Science vs Belief: Is this conflict a myth?

There is an article in the UK’s Guardian all about a myth. It is entitled …

Would you Adam and Eve it? Why creation story is at heart of a new spiritual divide

OK, let’s give you a quick summary of it. We live in a world where there are people who reject science based fact and instead embrace mythology as truth. What the article is doing is that it uses new polling data to make what appears to be an interesting point like this …

A YouGov poll, commissioned by Newman University in Birmingham, has found that 72% of atheists polled believe that someone who is religious would not accept evolutionary science. In fact, only 19% of religious respondents in the poll rejected Darwinian thinking in favour of a literal reading of the Book of Genesis.

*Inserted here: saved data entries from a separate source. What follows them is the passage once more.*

lemma hat_eq_max_min:
  assumes "g < al" "al < dl"
  shows "hat g al dl x = max 0 (min ((x - g) / (al - g)) ((dl - x) / (dl - al)))"
proof -
  have pos: "al - g > 0" "dl - al > 0" using assms by auto
  consider "g \<le> x \<and> x \<le> al" | "\<not> (g \<le> x \<and> x \<le> al) \<and> al \<le> x \<and> x \<le> dl" | "x < g" | "dl < x"
    by linarith
  then show ?thesis
  proof cases
    case 1
    then have "(x - g) / (al - g) \<le> 1" "1 \<le> (dl - x) / (dl - al)" "0 \<le> (x - g) / (al - g)"
      using pos by (auto simp: divide_simps)
    then show ?thesis using 1 by (simp add: hat_def)
  next
    case 2
    then have "1 \<le> (x - g) / (al - g)" "(dl - x) / (dl - al) \<le> 1" "0 \<le> (dl - x) / (dl - al)"
      using pos by (auto simp: divide_simps)
    then show ?thesis using 2 by (auto simp: hat_def)
  next
    case 3
    then have "(x - g) / (al - g) < 0" using pos by (auto simp: divide_simps)
    then show ?thesis using 3 assms by (simp add: hat_def)
  next
    case 4
    then have "(dl - x) / (dl - al) < 0" using pos by (auto simp: divide_simps)
    then show ?thesis using 4 assms by (simp add: hat_def)
  qed
qed

lemma continuous_on_hat:
  assumes "g < al" "al < dl"
  shows "continuous_on S (hat g al dl)"
proof -
  have "continuous_on S (\<lambda>x. max 0 (min ((x - g) / (al - g)) ((dl - x) / (dl - al))))"
    using assms by (intro continuous_intros) auto
  then show ?thesis using hat_eq_max_min[OF assms] by simp
qed

lemma hat_peak: "g < al \<Longrightarrow> hat g al dl al = 1"
  by (simp add: hat_def)

lemma hat_outside: "g < al \<Longrightarrow> al < dl \<Longrightarrow> x \<le> g \<or> dl \<le> x \<Longrightarrow> hat g al dl x = 0"
  by (auto simp: hat_def)

definition hat_slope :: "real \<Rightarrow> real \<Rightarrow> real \<Rightarrow> real \<Rightarrow> real" where
  "hat_slope g al dl x =
     (if g < x \<and> x < al then 1 / (al - g) else if al < x \<and> x < dl then - 1 / (dl - al) else 0)"

lemma hat_slope_outside: "g < al \<Longrightarrow> al < dl \<Longrightarrow> x \<le> g \<or> dl \<le> x \<Longrightarrow> hat_slope g al dl x = 0"
  by (auto simp: hat_slope_def)
lemma fa_supp_mult: "fa_supp (fa_mult f g) \<subseteq> (\<lambda>(u, v). u @ v) ` (fa_supp f \<times> fa_supp g)"
proof
  fix w assume "w \<in> fa_supp (fa_mult f g)"
  then have "(\<Sum>(u, v)\<in>splits w. f u * g v) \<noteq> 0"
    by (simp add: fa_supp_def fa_mult_splits)
  then obtain p where "p \<in> splits w" "f (fst p) * g (snd p) \<noteq> 0"
    by (metis (mono_tags, lifting) split_def sum.neutral)
  then show "w \<in> (\<lambda>(u, v). u @ v) ` (fa_supp f \<times> fa_supp g)"
    by (intro image_eqI[where x = p]) (auto simp: splits_def fa_supp_def)
qed

lemma finite_fa_supp_mult:
  "finite (fa_supp f) \<Longrightarrow> finite (fa_supp g) \<Longrightarrow> finite (fa_supp (fa_mult f g))"
  by (rule finite_subset[OF fa_supp_mult]) auto

lemma finite_fa_supp_add:
  "finite (fa_supp f) \<Longrightarrow> finite (fa_supp g) \<Longrightarrow> finite (fa_supp (fa_add f g))"
  by (rule finite_subset[of _ "fa_supp f \<union> fa_supp g"]) (auto simp: fa_supp_def fa_add_def)

lemma finite_fa_supp_smult: "finite (fa_supp f) \<Longrightarrow> finite (fa_supp (fa_smult c f))"
  by (rule finite_subset[of _ "fa_supp f"]) (auto simp: fa_supp_def fa_smult_def)

lemma finite_fa_supp_const: "finite (fa_supp (fa_const c))"
  by (rule finite_subset[of _ "{[]}"]) (auto simp: fa_supp_def fa_const_def)

lemma finite_fa_supp_gen: "finite (fa_supp (fa_gen x))"
  by (rule finite_subset[of _ "{[x]}"]) (auto simp: fa_supp_def fa_gen_def fa_word_def)

lemma finite_fa_supp_prod:
  "(\<And>f. f \<in> set xs \<Longrightarrow> finite (fa_supp f)) \<Longrightarrow> finite (fa_supp (fa_prod xs))"
  by (induction xs) (auto intro: finite_fa_supp_mult finite_fa_supp_const)

section \<open>\<open>fa_hom\<close> is an algebra homomorphism on finitely supported elements\<close>

lemma fa_hom_eq_sum:
  assumes "finite W" "fa_supp f \<subseteq> W"
  shows "fa_hom \<phi> f x = (\<Sum>w\<in>W. f w * fa_prod (map \<phi> w) x)"
  unfolding fa_hom_def fa_sum_def fa_smult_def
  using assms by (intro sum.mono_neutral_left) (auto simp: fa_supp_def)

lemma fa_hom_const: "fa_hom \<phi> (fa_const c) = fa_const c"
proof
  fix x
  have "fa_hom \<phi> (fa_const c) x = (\<Sum>w\<in>{[]}. fa_const c w * fa_prod (map \<phi> w) x)"
    by (rule fa_hom_eq_sum) (auto simp: fa_supp_def fa_const_def)
  then show "fa_hom \<phi> (fa_const c) x = fa_const c x" by (simp add: fa_const_def)
qed

lemma fa_hom_gen: "fa_hom \<phi> (fa_gen g) = \<phi> g"
proof
  fix x
  have "fa_hom \<phi> (fa_gen g) x = (\<Sum>w\<in>{[g]}. fa_gen g w * fa_prod (map \<phi> w) x)"
    by (rule fa_hom_eq_sum) (auto simp: fa_supp_def fa_gen_def fa_word_def)
  then show "fa_hom \<phi> (fa_gen g) x = \<phi> g x" by (simp add: fa_gen_def fa_word_def)
qed

lemma fa_hom_add:
  assumes "finite (fa_supp f)" "finite (fa_supp g)"
  shows "fa_hom \<phi> (fa_add f g) = fa_add (fa_hom \<phi> f) (fa_hom \<phi> g)"
proof
  fix x
  let ?W = "fa_supp f \<union> fa_supp g"
  have "fa_hom \<phi> (fa_add f g) x = (\<Sum>w\<in>?W. fa_add f g w * fa_prod (map \<phi> w) x)"
    using assms by (intro fa_hom_eq_sum) (auto simp: fa_supp_def fa_add_def)
  also have "\<dots> = (\<Sum>w\<in>?W. f w * fa_prod (map \<phi> w) x) + (\<Sum>w\<in>?W. g w * fa_prod (map \<phi> w) x)"
    by (simp add: fa_add_def distrib_right sum.distrib)
  also have "\<dots> = fa_hom \<phi> f x + fa_hom \<phi> g x"
    using assms by (simp add: fa_hom_eq_sum[of ?W])
  finally show "fa_hom \<phi> (fa_add f g) x = fa_add (fa_hom \<phi> f) (fa_hom \<phi> g) x"
    by (simp add: fa_add_def)
qed

lemma fa_hom_smult:
  assumes "finite (fa_supp f)"
  shows "fa_hom \<phi> (fa_smult c f) = fa_smult c (fa_hom \<phi> f)"
proof
  fix x
  have "fa_hom \<phi> (fa_smult c f) x = (\<Sum>w\<in>fa_supp f. c * f w * fa_prod (map \<phi> w) x)"
    using assms by (subst fa_hom_eq_sum) (auto simp: fa_supp_def fa_smult_def)
  also have "\<dots> = c * fa_hom \<phi> f x"
    using assms by (simp add: fa_hom_eq_sum[of "fa_supp f"] sum_distrib_left mult.assoc)
  finally show "fa_hom \<phi> (fa_smult c f) x = fa_smult c (fa_hom \<phi> f) x"
    by (simp add: fa_smult_def)
qed

lemma fa_hom_sum:
  assumes "finite A" "\<And>a. a \<in> A \<Longrightarrow> finite (fa_supp (F a))"
  shows "fa_hom \<phi> (fa_sum F A) = fa_sum (\<lambda>a. fa_hom \<phi> (F a)) A"
proof
  fix x
  let ?W = "\<Union>a\<in>A. fa_supp (F a)"
  have W: "finite ?W" using assms by auto
  have "fa_hom \<phi> (fa_sum F A) x = (\<Sum>w\<in>?W. fa_sum F A w * fa_prod (map \<phi> w) x)"
    by (rule fa_hom_eq_sum[OF W]) (auto simp: fa_supp_def fa_sum_def intro: sum.neutral ccontr)
  also have "\<dots> = (\<Sum>a\<in>A. \<Sum>w\<in>?W. F a w * fa_prod (map \<phi> w) x)"
    by (simp add: fa_sum_def sum_distrib_right sum.swap[of _ A])
  also have "\<dots> = (\<Sum>a\<in>A. fa_hom \<phi> (F a) x)"
    by (intro sum.cong refl fa_hom_eq_sum[symmetric, OF W]) auto
  finally show "fa_hom \<phi> (fa_sum F A) x = fa_sum (\<lambda>a. fa_hom \<phi> (F a)) A x"
    by (simp add: fa_sum_def)
qed
(* The language $\bigcup_{w\in\{0,1\}^*}(w \,\text{ш}\, w \,\text{ш}\, w)$ is not context-free.
   Context: For words $x,y$, the (ordinary) shuffle $x \,\text{ш}\, y$ is the finite set of all words $z = x_1y_1x_2y_2\cdots x_ny_n$ for some $n\ge 1$ and words $x_1,\dots,x_n,y_1,\dots,y_n$ (possibly empty) with $x=x_1\cdots x_n$ and $y=y_1\cdots y_n$. It is extended to languages by $L_1\,\text{ш}\,L_2=\bigcup_{x\in L_1,y\in L_2}(x\,\text{ш}\,y)$, so $w\,\text{ш}\,w\,\text{ш}\,w = (w\,\text{ш}\,w)\,\text{ш}\,\{w\}$. *)

theory Defs
  imports Main
begin

datatype bit01 = Zero | One

definition shuffle3 :: "'a list \<Rightarrow> 'a list set" where
  "shuffle3 w = (\<Union>z \<in> shuffles w w. shuffles z w)"

definition L3 :: "bit01 list set" where
  "L3 = (\<Union>w. shuffle3 w)"

(* Context-free grammars: productions A -> alpha, with nonterminals 'n and
   terminals 't; sentential forms are lists over 'n + 't (Inl = nonterminal). *)
type_synonym ('n, 't) prods = "('n \<times> ('n + 't) list) set"

definition derive1 :: "('n, 't) prods \<Rightarrow> ('n + 't) list \<Rightarrow> ('n + 't) list \<Rightarrow> bool" where
  "derive1 P u v \<longleftrightarrow>
     (\<exists>l A \<alpha> r. (A, \<alpha>) \<in> P \<and> u = l @ [Inl A] @ r \<and> v = l @ \<alpha> @ r)"

definition derives :: "('n, 't) prods \<Rightarrow> ('n + 't) list \<Rightarrow> ('n + 't) list \<Rightarrow> bool" where
  "derives P = (derive1 P)\<^sup>*\<^sup>*"

definition lang :: "('n, 't) prods \<Rightarrow> 'n \<Rightarrow> 't list set" where
  "lang P S = {w. derives P [Inl S] (map Inr w)}"

(* A language is context-free iff it is generated by some finite CFG.
   Nonterminals are taken from nat (any finite grammar can be renamed into nat). *)
definition context_free :: "'t list set \<Rightarrow> bool" where
  "context_free L \<longleftrightarrow> (\<exists>(P :: (nat, 't) prods) S. finite P \<and> lang P S = L)"

end

theory Submission
  imports Defs
begin

(* The proof applies the pumping lemma to the word (0 1^n)^3 with n larger than the pumping
   length.

   The language-specific part rests on one necessary condition for membership in L3
   (L3_ones_before_bound): a word of L3 starting with 0 has at most k/3 of its 1s before its
   (k+1)-st 0, because such a prefix consists of three prefixes of w, each starting with 0.
   Depending on how many 0s the pumped parts contain, pumping then either breaks this bound
   for k = 1 or k = 2, breaks divisibility of the number of 0s by 3, or contradicts the
   length bound of the pumping lemma. *)

datatype ('n, 't) ptree = Leaf 't | Node 'n "('n, 't) ptree list"

fun root :: "('n, 't) ptree \<Rightarrow> 'n + 't" where
  "root (Leaf a) = Inr a"
| "root (Node A ts) = Inl A"

fun yield :: "('n, 't) ptree \<Rightarrow> 't list" where
  "yield (Leaf a) = [a]"
| "yield (Node A ts) = concat (map yield ts)"

fun parse_tree :: "('n, 't) prods \<Rightarrow> ('n, 't) ptree \<Rightarrow> bool" where
  "parse_tree P (Leaf a) = True"
| "parse_tree P (Node A ts) = ((A, map root ts) \<in> P \<and> (\<forall>t \<in> set ts. parse_tree P t))"

fun height :: "('n, 't) ptree \<Rightarrow> nat" where
  "height (Leaf a) = 0"
| "height (Node A ts) = Suc (Max (insert 0 (height ` set ts)))"

fun tsize :: "('n, 't) ptree \<Rightarrow> nat" where
  "tsize (Leaf a) = 1"
| "tsize (Node A ts) = Suc (sum_list (map tsize ts))"

fun labels :: "('n, 't) ptree \<Rightarrow> 'n set" where
  "labels (Leaf a) = {}"
| "labels (Node A ts) = insert A (\<Union>t \<in> set ts. labels t)"

(* subtree t s u z: s occurs as a subtree of t, where u is the part of the yield of t
   to the left of s and z the part to its right. *)
inductive subtree :: "('n, 't) ptree \<Rightarrow> ('n, 't) ptree \<Rightarrow> 't list \<Rightarrow> 't list \<Rightarrow> bool" where
  here: "subtree t t [] []"
| below: "subtree c s u z \<Longrightarrow>
    subtree (Node A (ls @ c # rs)) s (concat (map yield ls) @ u) (z @ concat (map yield rs))"

lemma derives_append:
  assumes "derives P \<alpha> \<beta>" and "derives P \<gamma> \<delta>"
  shows "derives P (\<alpha> @ \<gamma>) (\<beta> @ \<delta>)"
proof -
  have frame: "derives P (l @ \<alpha>' @ r) (l @ \<beta>' @ r)" if "derives P \<alpha>' \<beta>'" for l r \<alpha>' \<beta>'
    using that unfolding derives_def
  proof (induction rule: rtranclp_induct)
    case (step \<beta>'' \<beta>')
    then obtain l' A \<gamma>' r' where "(A, \<gamma>') \<in> P"
      and "\<beta>'' = l' @ [Inl A] @ r'" and "\<beta>' = l' @ \<gamma>' @ r'"
      unfolding derive1_def by blast
    then have "derive1 P (l @ \<beta>'' @ r) (l @ \<beta>' @ r)"
      unfolding derive1_def
      by (intro exI[of _ "l @ l'"] exI[of _ A] exI[of _ \<gamma>'] exI[of _ "r' @ r"]) simp
    with step.IH show ?case by (rule rtranclp.rtrancl_into_rtrancl)
  qed simp
  have "derives P (\<alpha> @ \<gamma>) (\<beta> @ \<gamma>)"
    using frame[OF assms(1), of "[]" \<gamma>] by simp
  moreover have "derives P (\<beta> @ \<gamma>) (\<beta> @ \<delta>)"
    using frame[OF assms(2), of \<beta> "[]"] by simp
  ultimately show ?thesis
    unfolding derives_def by (rule rtranclp_trans)
qed

lemma derives_concat:
  "(\<forall>t \<in> set ts. derives P [root t] (map Inr (yield t))) \<Longrightarrow>
    derives P (map root ts) (map Inr (concat (map yield ts)))"
proof (induction ts)
  case Nil
  then show ?case by (simp add: derives_def)
next
  case (Cons t ts)
  have "derives P ([root t] @ map root ts) (map Inr (yield t) @ map Inr (concat (map yield ts)))"
    by (rule derives_append) (use Cons in simp_all)
  then show ?case by simp
qed

lemma parse_tree_derives:
  "parse_tree P t \<Longrightarrow> derives P [root t] (map Inr (yield t))"
proof (induction t)
  case (Leaf a)
  then show ?case by (simp add: derives_def)
next
  case (Node A ts)
  have "derive1 P [Inl A] (map root ts)"
    using Node.prems unfolding derive1_def
    by (intro exI[of _ "[]"] exI[of _ A] exI[of _ "map root ts"]) simp
  moreover have "derives P (map root ts) (map Inr (concat (map yield ts)))"
    using Node by (intro derives_concat) auto
  ultimately show ?case
    unfolding derives_def yield.simps root.simps
    by (rule converse_rtranclp_into_rtranclp)
qed

lemma derives_parse_forest:
  assumes "derives P \<alpha> (map Inr w)"
  shows "\<exists>ts. (\<forall>t \<in> set ts. parse_tree P t) \<and> map root ts = \<alpha> \<and> concat (map yield ts) = w"
  using assms unfolding derives_def
proof (induction rule: converse_rtranclp_induct)
  case base
  show ?case by (intro exI[of _ "map Leaf w"]) (simp add: comp_def)
next
  case (step \<alpha> \<beta>)
  then obtain ts where ts: "\<forall>t \<in> set ts. parse_tree P t" "map root ts = \<beta>" "concat (map yield ts) = w"
    by blast
  from step.hyps(1) obtain l A \<gamma> r where
    rule: "(A, \<gamma>) \<in> P" "\<alpha> = l @ [Inl A] @ r" "\<beta> = l @ \<gamma> @ r"
    unfolding derive1_def by blast
  obtain ts1 ts23 where "ts = ts1 @ ts23" "l = map root ts1" "\<gamma> @ r = map root ts23"
    using map_eq_append_conv[THEN iffD1, of root ts l "\<gamma> @ r"] ts(2) rule(3) by auto
  moreover obtain ts2 ts3 where "ts23 = ts2 @ ts3" "\<gamma> = map root ts2" "r = map root ts3"
    using map_eq_append_conv[THEN iffD1, of root ts23 \<gamma> r] calculation(3) by auto
  ultimately have split: "ts = ts1 @ ts2 @ ts3"
    and roots: "l = map root ts1" "\<gamma> = map root ts2" "r = map root ts3"
    by simp_all
  show ?case
  proof (intro exI conjI)
    show "\<forall>t \<in> set (ts1 @ [Node A ts2] @ ts3). parse_tree P t"
      using ts(1) rule(1) unfolding split roots by auto
    show "map root (ts1 @ [Node A ts2] @ ts3) = \<alpha>"
      using rule(2) roots by simp
    show "concat (map yield (ts1 @ [Node A ts2] @ ts3)) = w"
      using ts(3) unfolding split by simp
  qed
qed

In other words, the stance being taken is that it is those that do not believe that are in fact propagating a myth about those that are religious, and that generally religious people are pro-science individuals who do accept scientific conclusions, and do not reject the prevailing scientific consensus.

What it is suggesting is that the polling data verifies that the supposed conflict between an evidence based understanding of reality, and a traditional cultural non-evidential belief is itself a myth.

It all feels warm and cosy. Unfortunately there is just one ever so small tiny flaw. If you go and take a look at the data provided by the poll, then what you discover is that it does not backup what the article claims at all.

Oops.

Slicing and Dicing the article

It would of course be very tempting to pull it all apart myself, but I don’t need to because others have already done a fine job. Coel Hellier, a Professor of Astrophysics at Keele University in the UK, has written up his take on it all where he dissects this incarnation of incandescent vapours and translucent surfaces (smoke and mirrors) …

This sounded highly dubious to me. Do British atheists really think that most Christians are Biblical literalists and that they have to be literalists to count as Christian? On digging further I find that the poll shows no such thing. Ms Pepinster has misrepresented it in order to malign atheists.

The survey in question was by YouGov. A press release by “Science and Religion: Exploring the Spectrum”, led by a team from Newman University who commissioned the survey, is here, while a 34-page summary report can be downloaded here. The press release also contains links to the actual data (note that part of the data on which Ms Pepinster based her article was not in the original press release, but was added later after I Tweeted to ask about it).

What Coel then does is to dig into the actual polling results from that survey and lays it all out so that you can see things as they are here. He then quite rightly observes …

overall, only a minority of British adults who are religious accept a scientific account of evolution. The majority accept some role for evolution, but see it as being guided by God, or as unable to account for humans, or unable to account for the human mind.

In other words, the belief is one where the majority do accept evolution but still believe that it all happened by magic. He explains it like this …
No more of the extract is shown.